Continued on the front page (51) Int.Cl. ⁷ Identification symbol FI Theme coat II (reference) A23L 1/30 A23L 1/30 A 4C087 1/305 1/305 4C206 2/52 2/38 P 2/66 A61K 31 / 122 2/38 31/59 A61K 31/122 33/06 31/59 35/20 33/06 45/00 35/20 A61P 1/02 38/55 19/02 45/00 19/10 A61P 1/02 43 / 00 111 19/02 A23L 2/00 F 19/10 J 43/00 111 A61K 37/64 (72) Inventor Hiroshi Kawakami 204-5 Fujima, Kawagoe-shi, Saitama F-term (reference) 2B150 AB03 AB10 AE26 BB04 CC11 DA47 DD01 DE01 DF10 DH04 4B017 LC03 LK01 LK15 LK16 LK18 LK23 LL09 LP01 LP06 LP08 4B018 LB01 LB07 MD04 MD20 MD23 MD71 ME05 ME09 MF01 MF12 4C084 AA02 AA03 AA17 CA38 DC02 NA14 ZA671 ZA961AAMA MA ZA961 MA04 4C087 BB39 NA14 ZA67 ZA96 ZA97 ZC20 4C206 AA01 CB28 KA04 MA01 MA03 MA04 MA72 NA14 ZA67 ZA96 ZA97 ZC20

Claims (4)

[Claims] 1. A milk-derived basic protein composition is contacted with an anion exchange resin to collect a fraction that does not adsorb to the resin, and then the fraction is contacted with a cation exchange resin to separate the fraction adsorbed to the resin.
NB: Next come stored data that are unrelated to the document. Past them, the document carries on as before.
(* Let $N\ge 1$ and let $\lambda,\mu$, $M_j,\bar M_j$, $c_j,\bar c_j$ ($j=1,\dots,N$) be real constants such that $\lambda\neq 0$, $\mu\neq 0$, $\lambda^2\neq\mu^2$, $\bar M_j\neq M_k$ for all $j,k$, and $\lambda,\mu\notin\{\pm M_j,\pm\bar M_j: j=1,\dots,N\}$. Let $\mathsf M=\mathrm{diag}(M_1,\dots,M_N)$, $\bar{\mathsf M}=\mathrm{diag}(\bar M_1,\dots,\bar M_N)$ and, for $\zeta\in\{\lambda,\mu\}$, $$\mathsf H_\zeta=(\mathsf M-\zeta)(\mathsf M+\zeta)^{-1},\quad \bar{\mathsf H}_\zeta=(\bar{\mathsf M}+\zeta)(\bar{\mathsf M}-\zeta)^{-1},\quad \mathsf L_\zeta=\mathsf H_\zeta-\mathsf H_\zeta^{-1},\quad \bar{\mathsf L}_\zeta=\bar{\mathsf H}_\zeta-\bar{\mathsf H}_\zeta^{-1}$$ (here $\mathsf M-\zeta$ means $\mathsf M-\zeta\mathsf 1$, etc.). Let $\mathsf A_0,\bar{\mathsf A}_0$ be the $N\times N$ matrices with entries $(\mathsf A_0)_{jk}=\dfrac{c_k}{\bar M_j-M_k}$ and $(\bar{\mathsf A}_0)_{jk}=\dfrac{\bar c_k}{M_j-\bar M_k}$, and for $(x,y,n_1,n_2)\in\mathbb R^2\times\mathbb Z^2$ set $$\mathsf A(x,y,n_1,n_2)=\mathsf A_0\exp(x\mathsf L_\lambda+y\mathsf L_\mu)\,\mathsf H_\lambda^{n_1+n_2}\mathsf H_\mu^{n_2-n_1},\qquad \bar{\mathsf A}(x,y,n_1,n_2)=\bar{\mathsf A}_0\exp(x\bar{\mathsf L}_\lambda+y\bar{\mathsf L}_\mu)\,\bar{\mathsf H}_\lambda^{n_1+n_2}\bar{\mathsf H}_\mu^{n_2-n_1},$$ $$\varphi(x,y,n_1,n_2)=8xy\,\frac{\lambda\mu(\lambda^2+\mu^2)}{(\lambda^2-\mu^2)^2}+(n_1^2-n_2^2)\ln\left|\frac{\lambda+\mu}{\lambda-\mu}\right|.$$ Assume that $\det\big(\mathsf 1+\mathsf A(x,y,n_1,n_2)\bar{\mathsf A}(x,y,n_1,n_2)\big)>0$ for all $(x,y,n_1,n_2)\in\mathbb R^2\times\mathbb Z^2$, and define $$u(x,y,n_1,n_2)=\varphi(x,y,n_1,n_2)+\ln\det\big(\mathsf 1+\mathsf A(x,y,n_1,n_2)\bar{\mathsf A}(x,y,n_1,n_2)\big).$$ Then $u$ satisfies the $(2+2)$-dimensional Toda lattice equation $$\frac{\partial^2 u}{\partial x\,\partial y}=e^{\Delta_1 u}-e^{\Delta_2 u}$$ for all $(x,y,n_1,n_2)\in\mathbb R^2\times\mathbb Z^2$, where $\Delta_1u(n_1,n_2)=u(n_1+1,n_2)-2u(n_1,n_2)+u(n_1-1,n_2)$ and $\Delta_2u(n_1,n_2)=u(n_1,n_2+1)-2u(n_1,n_2)+u(n_1,n_2-1)$ (with $x,y$ fixed).
   Context: All matrices and constants are real; $\mathsf 1$ is the $N\times N$ identity matrix. The functions $u$ are functions of two continuous variables $x,y$ and two integer variables $n_1,n_2$. *)

theory Defs
  imports "HOL-Analysis.Analysis"
begin

definition diagm :: "('n::finite \<Rightarrow> real) \<Rightarrow> real^'n^'n" where
  "diagm d = (\<chi> i j. if i = j then d i else 0)"

definition Hd :: "real^'n::finite \<Rightarrow> real \<Rightarrow> 'n \<Rightarrow> real" where
  "Hd M z k = (M$k - z) / (M$k + z)"

definition Hbd :: "real^'n::finite \<Rightarrow> real \<Rightarrow> 'n \<Rightarrow> real" where
  "Hbd Mb z k = (Mb$k + z) / (Mb$k - z)"

definition Ld :: "real^'n::finite \<Rightarrow> real \<Rightarrow> 'n \<Rightarrow> real" where
  "Ld M z k = Hd M z k - inverse (Hd M z k)"

definition Lbd :: "real^'n::finite \<Rightarrow> real \<Rightarrow> 'n \<Rightarrow> real" where
  "Lbd Mb z k = Hbd Mb z k - inverse (Hbd Mb z k)"

definition A0 :: "real^'n::finite \<Rightarrow> real^'n \<Rightarrow> real^'n \<Rightarrow> real^'n^'n" where
  "A0 c M Mb = (\<chi> j k. c$k / (Mb$j - M$k))"

definition Ab0 :: "real^'n::finite \<Rightarrow> real^'n \<Rightarrow> real^'n \<Rightarrow> real^'n^'n" where
  "Ab0 cb M Mb = (\<chi> j k. cb$k / (M$j - Mb$k))"

text \<open>A(x,y,n1,n2); exp of the diagonal matrix x L_lambda + y L_mu and integer powers
  of the diagonal matrices H are written entrywise.\<close>
definition Amat :: "real \<Rightarrow> real \<Rightarrow> real^'n::finite \<Rightarrow> real^'n \<Rightarrow> real^'n
    \<Rightarrow> real \<Rightarrow> real \<Rightarrow> int \<Rightarrow> int \<Rightarrow> real^'n^'n" where
  "Amat la mu c M Mb x y n1 n2 =
     A0 c M Mb ** diagm (\<lambda>k. exp (x * Ld M la k + y * Ld M mu k))
       ** diagm (\<lambda>k. Hd M la k powi (n1 + n2)) ** diagm (\<lambda>k. Hd M mu k powi (n2 - n1))"

definition Abmat :: "real \<Rightarrow> real \<Rightarrow> real^'n::finite \<Rightarrow> real^'n \<Rightarrow> real^'n
    \<Rightarrow> real \<Rightarrow> real \<Rightarrow> int \<Rightarrow> int \<Rightarrow> real^'n^'n" where
  "Abmat la mu cb M Mb x y n1 n2 =
     Ab0 cb M Mb ** diagm (\<lambda>k. exp (x * Lbd Mb la k + y * Lbd Mb mu k))
       ** diagm (\<lambda>k. Hbd Mb la k powi (n1 + n2)) ** diagm (\<lambda>k. Hbd Mb mu k powi (n2 - n1))"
A method for producing a milk-basic cystatin-rich fraction, characterized in that the fraction is eluted and recovered with an eluate. 2. A method for producing a milk-basic cystatin-rich fraction degraded product, comprising decomposing a milk-basic cystatin-rich fraction produced by the production method according to claim 1 with a protease. 3. Various types of osteoporosis and the like, comprising a milk-basic cystatin-rich fraction and / or a milk-basic cystatin-rich fraction degraded product produced by the production method according to claim 1 or 2. Food and drink, medicine or feed for prevention and improvement of bone diseases and osteoarticular diseases such as rheumatism and periodontal diseases. 4. The food or drink, medicine or feed according to claim 3, further comprising calcium and / or vitamin.